- Supreme Court of the United States

Argued February 23, 1988 Decided June 29, 1988
- Full case name: United States v. Kozminski, et al.
- Citations: 487 U.S. 931 (more) 108 S. Ct. 2751; 101 L. Ed. 2d 788

Holding
- For purposes of criminal prosecution, the term "involuntary servitude" necessarily means a condition of servitude in which the victim is forced to work for the defendant by the use or threat of physical restraint or physical injury or by the use or threat of coercion through law or the legal process.
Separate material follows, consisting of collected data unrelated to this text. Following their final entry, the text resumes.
(* Let $q$ be a prime power, $s,\ell$ positive integers, $\alpha,\beta\in\{1,-1\}\subseteq\mathbb{F}_q$, $r$ the multiplicative order of $\beta$, and assume $q\equiv 1\pmod{r\ell}$. Let $\omega\in\mathbb{F}_q$ be a primitive $r\ell$-th root of unity with $\omega^\ell=\beta$, and $\eta_k(y)=\prod_{j\ne k,\,0\le j\le \ell-1}\frac{y-\omega^{1+jr}}{\omega^{1+kr}-\omega^{1+jr}}$ for $0\le k\le\ell-1$. Let $\mathcal{C}$ be an ideal of $\mathcal{R}=\mathbb{F}_q[x,y]/\langle x^s-\alpha,y^\ell-\beta\rangle$; for each $j$ let $p_j(x)$ be the monic divisor of $x^s-\alpha$ generating $I_j=\{f(x)\in\mathbb{F}_q[x]/\langle x^s-\alpha\rangle:\eta_j(y)f(x)\in\mathcal{C}\}$, $a_j=\deg p_j(x)$, and $p_j'(x)=(x^s-\alpha)/p_j(x)$. Then $\mathcal{C}$ is self-dual if and only if (i) $s\ell=2(a_0+a_1+\cdots+a_{\ell-1})$, and (ii) for every $k$, $0\le k\le \ell-1$, there exist nonzero polynomials $t_k(x),t_k'(x)\in\mathbb{F}_q[x]/\langle x^s-\alpha\rangle$ such that, in $\mathbb{F}_q[x]/\langle x^s-\alpha\rangle$, if $\beta=1$: $p_k'^*(x)=t_k(x)p_{\ell-2-k}(x)$ and $p_k(x)=t_k'(x)p'^*_{\ell-2-k}(x)$; if $\beta=-1$: $p_k'^*(x)=t_k(x)p_{\ell-1-k}(x)$ and $p_k(x)=t_k'(x)p'^*_{\ell-1-k}(x)$; where subscripts are read modulo $\ell$.
   Context: Elements of $\mathcal{R}$ are identified with vectors $(c_{i,j})$ of length $s\ell$ via the coefficients of $x^iy^j$ ($0\le i\le s-1$, $0\le j\le \ell-1$); ideals of $\mathcal{R}$ are two-dimensional $(\alpha,\beta)$-constacyclic codes. $\mathcal{C}^\perp$ denotes the Euclidean dual, and $\mathcal{C}$ is self-dual if $\mathcal{C}=\mathcal{C}^\perp$. For a nonzero polynomial $f$ of degree $k$, $f^*(x)=x^kf(1/x)$. *)

theory Defs
  imports "HOL-Computational_Algebra.Polynomial"
begin

text \<open>Elements of R = F_q[x,y]/(x^s - alpha, y^l - beta) are coefficient arrays
  c i j (coefficient of x^i y^j), zero outside 0 <= i < s, 0 <= j < l.\<close>

definition Rsp :: "nat \<Rightarrow> nat \<Rightarrow> (nat \<Rightarrow> nat \<Rightarrow> 'a::zero) set" where
  "Rsp s l = {c. \<forall>i j. (s \<le> i \<or> l \<le> j) \<longrightarrow> c i j = 0}"

text \<open>Multiplication in R: x^s = alpha, y^l = beta.\<close>
definition rmul :: "nat \<Rightarrow> nat \<Rightarrow> 'a::comm_ring_1 \<Rightarrow> 'a \<Rightarrow>
    (nat \<Rightarrow> nat \<Rightarrow> 'a) \<Rightarrow> (nat \<Rightarrow> nat \<Rightarrow> 'a) \<Rightarrow> (nat \<Rightarrow> nat \<Rightarrow> 'a)" where
  "rmul s l \<alpha> \<beta> c d = (\<lambda>i j. if i < s \<and> j < l then
     (\<Sum>i1<s. \<Sum>j1<l. \<Sum>i2<s. \<Sum>j2<l.
        (if (i1 + i2) mod s = i \<and> (j1 + j2) mod l = j
         then \<alpha> ^ ((i1 + i2) div s) * \<beta> ^ ((j1 + j2) div l) * c i1 j1 * d i2 j2
         else 0))
     else 0)"

definition R_ideal :: "nat \<Rightarrow> nat \<Rightarrow> 'a::comm_ring_1 \<Rightarrow> 'a \<Rightarrow> (nat \<Rightarrow> nat \<Rightarrow> 'a) set \<Rightarrow> bool" where
  "R_ideal s l \<alpha> \<beta> C \<longleftrightarrow> C \<subseteq> Rsp s l \<and> (\<lambda>i j. 0) \<in> C
     \<and> (\<forall>c\<in>C. \<forall>d\<in>C. (\<lambda>i j. c i j + d i j) \<in> C)
     \<and> (\<forall>c\<in>C. (\<lambda>i j. - c i j) \<in> C)
     \<and> (\<forall>c\<in>C. \<forall>a\<in>Rsp s l. rmul s l \<alpha> \<beta> a c \<in> C)"

definition R_dual :: "nat \<Rightarrow> nat \<Rightarrow> (nat \<Rightarrow> nat \<Rightarrow> 'a::comm_ring_1) set \<Rightarrow> (nat \<Rightarrow> nat \<Rightarrow> 'a) set" where
  "R_dual s l C = {v \<in> Rsp s l. \<forall>c\<in>C. (\<Sum>i<s. \<Sum>j<l. c i j * v i j) = 0}"

definition self_dual :: "nat \<Rightarrow> nat \<Rightarrow> (nat \<Rightarrow> nat \<Rightarrow> 'a::comm_ring_1) set \<Rightarrow> bool" where
  "self_dual s l C \<longleftrightarrow> C = R_dual s l C"

text \<open>The element g(y) f(x) of R, for deg f < s and deg g < l.\<close>
definition prodR :: "nat \<Rightarrow> nat \<Rightarrow> 'a::comm_ring_1 poly \<Rightarrow> 'a poly \<Rightarrow> (nat \<Rightarrow> nat \<Rightarrow> 'a)" where
  "prodR s l f g = (\<lambda>i j. if i < s \<and> j < l then coeff f i * coeff g j else 0)"

definition eta :: "'a::field \<Rightarrow> nat \<Rightarrow> nat \<Rightarrow> nat \<Rightarrow> 'a poly" where
  "eta \<omega> r l k = (\<Prod>j\<in>{0..<l} - {k}.
      smult (inverse (\<omega> ^ (1 + k * r) - \<omega> ^ (1 + j * r))) [:- (\<omega> ^ (1 + j * r)), 1:])"

definition xpoly :: "nat \<Rightarrow> 'a::comm_ring_1 \<Rightarrow> 'a poly" where
  "xpoly s \<alpha> = monom 1 s - [:\<alpha>:]"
This definition encompasses cases in which the defendant holds the victim in servitude by placing him or her in fear of such physical restraint or injury or legal coercion.

Court membership
- Chief Justice William Rehnquist Associate Justices William J. Brennan Jr. · Byron White Thurgood Marshall · Harry Blackmun John P. Stevens · Sandra Day O'Connor Antonin Scalia · Anthony Kennedy

Case opinions
- Majority: O'Connor, joined by Rehnquist, White, Scalia, Kennedy
- Concurrence: Brennan, joined by Marshall
- Concurrence: Stevens, joined by Blackmun

Laws applied
- U.S. Const. amend. XIII

= United States v. Kozminski =

United States v. Kozminski, 487 U.S. 931 (1988), was a United States Supreme Court case involving the Thirteenth Amendment to the United States Constitution and involuntary servitude.

Ike and Margarethe Kozminski and their son John were accused of enslaving two men on their farm.
A federal jury convicted the husband and wife of holding the men against their will and conspiring to do so, and John was convicted on the conspiracy charge. The case was appealed to the U.S. Supreme Court.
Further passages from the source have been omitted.